[Start of section]

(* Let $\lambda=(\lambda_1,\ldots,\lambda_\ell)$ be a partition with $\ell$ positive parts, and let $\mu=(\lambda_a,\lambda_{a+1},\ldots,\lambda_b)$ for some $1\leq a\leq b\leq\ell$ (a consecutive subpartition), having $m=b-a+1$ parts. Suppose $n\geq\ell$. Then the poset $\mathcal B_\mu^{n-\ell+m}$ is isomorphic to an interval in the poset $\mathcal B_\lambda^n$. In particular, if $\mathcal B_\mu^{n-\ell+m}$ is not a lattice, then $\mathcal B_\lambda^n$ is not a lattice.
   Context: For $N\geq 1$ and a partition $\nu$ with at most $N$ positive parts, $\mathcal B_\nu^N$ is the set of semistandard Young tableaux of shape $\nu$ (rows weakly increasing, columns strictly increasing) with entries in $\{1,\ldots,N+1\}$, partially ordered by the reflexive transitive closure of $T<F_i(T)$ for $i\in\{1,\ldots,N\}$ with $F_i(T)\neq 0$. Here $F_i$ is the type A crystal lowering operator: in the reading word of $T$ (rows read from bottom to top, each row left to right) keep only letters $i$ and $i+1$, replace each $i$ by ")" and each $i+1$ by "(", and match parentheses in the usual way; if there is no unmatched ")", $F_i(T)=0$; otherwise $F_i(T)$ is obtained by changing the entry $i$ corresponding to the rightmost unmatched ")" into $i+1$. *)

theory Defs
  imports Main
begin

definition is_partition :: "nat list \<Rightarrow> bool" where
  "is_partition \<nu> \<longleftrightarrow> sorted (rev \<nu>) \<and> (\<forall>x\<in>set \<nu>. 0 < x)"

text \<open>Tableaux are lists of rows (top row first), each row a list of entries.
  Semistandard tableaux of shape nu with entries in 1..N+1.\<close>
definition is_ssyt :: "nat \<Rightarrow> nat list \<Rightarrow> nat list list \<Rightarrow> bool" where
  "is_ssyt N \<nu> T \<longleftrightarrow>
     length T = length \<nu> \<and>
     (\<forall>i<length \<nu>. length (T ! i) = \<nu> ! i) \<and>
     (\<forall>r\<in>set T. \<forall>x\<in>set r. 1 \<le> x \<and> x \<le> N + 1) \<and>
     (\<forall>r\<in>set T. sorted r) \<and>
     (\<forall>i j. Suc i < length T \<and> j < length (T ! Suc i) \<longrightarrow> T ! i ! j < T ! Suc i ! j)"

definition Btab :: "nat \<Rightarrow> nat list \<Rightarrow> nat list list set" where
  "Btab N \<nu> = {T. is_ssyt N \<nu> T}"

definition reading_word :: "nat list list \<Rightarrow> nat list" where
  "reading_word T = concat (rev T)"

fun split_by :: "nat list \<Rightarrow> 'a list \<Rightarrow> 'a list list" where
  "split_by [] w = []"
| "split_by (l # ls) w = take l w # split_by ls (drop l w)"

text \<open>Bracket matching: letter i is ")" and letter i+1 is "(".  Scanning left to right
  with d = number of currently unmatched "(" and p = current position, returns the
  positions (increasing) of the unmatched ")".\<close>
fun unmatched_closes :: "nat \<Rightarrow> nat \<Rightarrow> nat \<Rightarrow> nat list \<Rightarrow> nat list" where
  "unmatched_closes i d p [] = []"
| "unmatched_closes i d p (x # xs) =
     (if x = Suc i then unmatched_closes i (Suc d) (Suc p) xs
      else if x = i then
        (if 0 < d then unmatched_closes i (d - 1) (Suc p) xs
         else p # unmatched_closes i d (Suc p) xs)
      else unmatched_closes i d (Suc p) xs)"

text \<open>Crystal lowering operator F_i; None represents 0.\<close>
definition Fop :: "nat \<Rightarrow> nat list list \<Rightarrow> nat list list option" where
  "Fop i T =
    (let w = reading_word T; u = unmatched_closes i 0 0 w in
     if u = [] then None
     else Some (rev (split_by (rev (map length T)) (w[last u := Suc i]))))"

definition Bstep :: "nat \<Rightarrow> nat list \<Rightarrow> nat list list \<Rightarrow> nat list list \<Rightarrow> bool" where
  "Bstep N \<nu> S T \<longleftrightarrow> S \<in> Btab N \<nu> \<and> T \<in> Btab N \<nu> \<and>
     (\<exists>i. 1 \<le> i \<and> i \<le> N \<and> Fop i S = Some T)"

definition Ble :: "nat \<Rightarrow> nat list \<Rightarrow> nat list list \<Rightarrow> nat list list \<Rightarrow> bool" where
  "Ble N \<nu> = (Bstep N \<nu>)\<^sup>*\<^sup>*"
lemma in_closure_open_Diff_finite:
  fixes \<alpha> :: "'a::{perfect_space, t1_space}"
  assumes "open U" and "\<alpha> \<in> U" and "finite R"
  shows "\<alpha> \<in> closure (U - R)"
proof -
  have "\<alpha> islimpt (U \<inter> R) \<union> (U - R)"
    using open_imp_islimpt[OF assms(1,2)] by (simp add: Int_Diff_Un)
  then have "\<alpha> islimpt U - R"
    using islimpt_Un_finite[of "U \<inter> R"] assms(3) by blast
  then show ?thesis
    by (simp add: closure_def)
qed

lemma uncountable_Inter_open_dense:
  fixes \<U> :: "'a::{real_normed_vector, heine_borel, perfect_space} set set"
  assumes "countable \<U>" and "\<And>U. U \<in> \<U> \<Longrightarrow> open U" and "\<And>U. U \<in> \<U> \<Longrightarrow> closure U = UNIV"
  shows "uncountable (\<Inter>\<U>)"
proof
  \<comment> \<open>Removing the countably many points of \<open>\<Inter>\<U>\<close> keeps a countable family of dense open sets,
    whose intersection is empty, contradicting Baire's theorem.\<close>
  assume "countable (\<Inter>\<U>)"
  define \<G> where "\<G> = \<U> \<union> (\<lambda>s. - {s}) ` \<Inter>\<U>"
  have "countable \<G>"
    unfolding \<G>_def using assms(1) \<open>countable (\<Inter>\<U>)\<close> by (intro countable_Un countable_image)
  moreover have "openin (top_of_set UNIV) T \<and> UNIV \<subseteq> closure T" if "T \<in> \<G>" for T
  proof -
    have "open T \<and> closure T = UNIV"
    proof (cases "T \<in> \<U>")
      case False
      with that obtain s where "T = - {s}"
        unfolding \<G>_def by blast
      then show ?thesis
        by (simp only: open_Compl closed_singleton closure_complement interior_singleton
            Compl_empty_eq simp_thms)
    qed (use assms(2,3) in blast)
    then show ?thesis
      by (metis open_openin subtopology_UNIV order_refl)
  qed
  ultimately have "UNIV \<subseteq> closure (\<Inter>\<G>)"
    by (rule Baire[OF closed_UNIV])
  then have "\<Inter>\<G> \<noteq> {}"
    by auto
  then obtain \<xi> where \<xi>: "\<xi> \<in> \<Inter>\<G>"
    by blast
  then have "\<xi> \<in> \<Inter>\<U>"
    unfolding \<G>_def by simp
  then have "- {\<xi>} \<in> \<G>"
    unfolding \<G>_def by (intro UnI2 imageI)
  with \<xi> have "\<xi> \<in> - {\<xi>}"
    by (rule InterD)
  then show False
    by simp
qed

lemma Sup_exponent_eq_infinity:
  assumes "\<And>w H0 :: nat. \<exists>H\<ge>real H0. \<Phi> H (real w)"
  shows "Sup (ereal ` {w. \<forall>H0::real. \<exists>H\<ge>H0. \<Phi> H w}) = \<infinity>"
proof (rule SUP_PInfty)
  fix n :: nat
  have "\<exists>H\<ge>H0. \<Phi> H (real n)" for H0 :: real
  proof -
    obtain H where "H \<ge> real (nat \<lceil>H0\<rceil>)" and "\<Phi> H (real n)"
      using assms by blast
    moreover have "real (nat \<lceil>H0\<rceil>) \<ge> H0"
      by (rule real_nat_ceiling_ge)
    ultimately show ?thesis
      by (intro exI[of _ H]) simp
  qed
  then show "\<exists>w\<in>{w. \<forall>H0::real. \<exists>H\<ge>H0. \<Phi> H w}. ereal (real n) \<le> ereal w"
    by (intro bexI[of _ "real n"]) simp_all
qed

[End of section]

For the material above, reproduce exactly the lines from the line with "with that obtain" to the line with "ereal (real n)", inclusive, and exclude all others.

      with that obtain s where "T = - {s}"
        unfolding \<G>_def by blast
      then show ?thesis
        by (simp only: open_Compl closed_singleton closure_complement interior_singleton
            Compl_empty_eq simp_thms)
    qed (use assms(2,3) in blast)
    then show ?thesis
      by (metis open_openin subtopology_UNIV order_refl)
  qed
  ultimately have "UNIV \<subseteq> closure (\<Inter>\<G>)"
    by (rule Baire[OF closed_UNIV])
  then have "\<Inter>\<G> \<noteq> {}"
    by auto
  then obtain \<xi> where \<xi>: "\<xi> \<in> \<Inter>\<G>"
    by blast
  then have "\<xi> \<in> \<Inter>\<U>"
    unfolding \<G>_def by simp
  then have "- {\<xi>} \<in> \<G>"
    unfolding \<G>_def by (intro UnI2 imageI)
  with \<xi> have "\<xi> \<in> - {\<xi>}"
    by (rule InterD)
  then show False
    by simp
qed

lemma Sup_exponent_eq_infinity:
  assumes "\<And>w H0 :: nat. \<exists>H\<ge>real H0. \<Phi> H (real w)"
  shows "Sup (ereal ` {w. \<forall>H0::real. \<exists>H\<ge>H0. \<Phi> H w}) = \<infinity>"
proof (rule SUP_PInfty)
  fix n :: nat
  have "\<exists>H\<ge>H0. \<Phi> H (real n)" for H0 :: real
  proof -
    obtain H where "H \<ge> real (nat \<lceil>H0\<rceil>)" and "\<Phi> H (real n)"
      using assms by blast
    moreover have "real (nat \<lceil>H0\<rceil>) \<ge> H0"
      by (rule real_nat_ceiling_ge)
    ultimately show ?thesis
      by (intro exI[of _ H]) simp
  qed
  then show "\<exists>w\<in>{w. \<forall>H0::real. \<exists>H\<ge>H0. \<Phi> H w}. ereal (real n) \<le> ereal w"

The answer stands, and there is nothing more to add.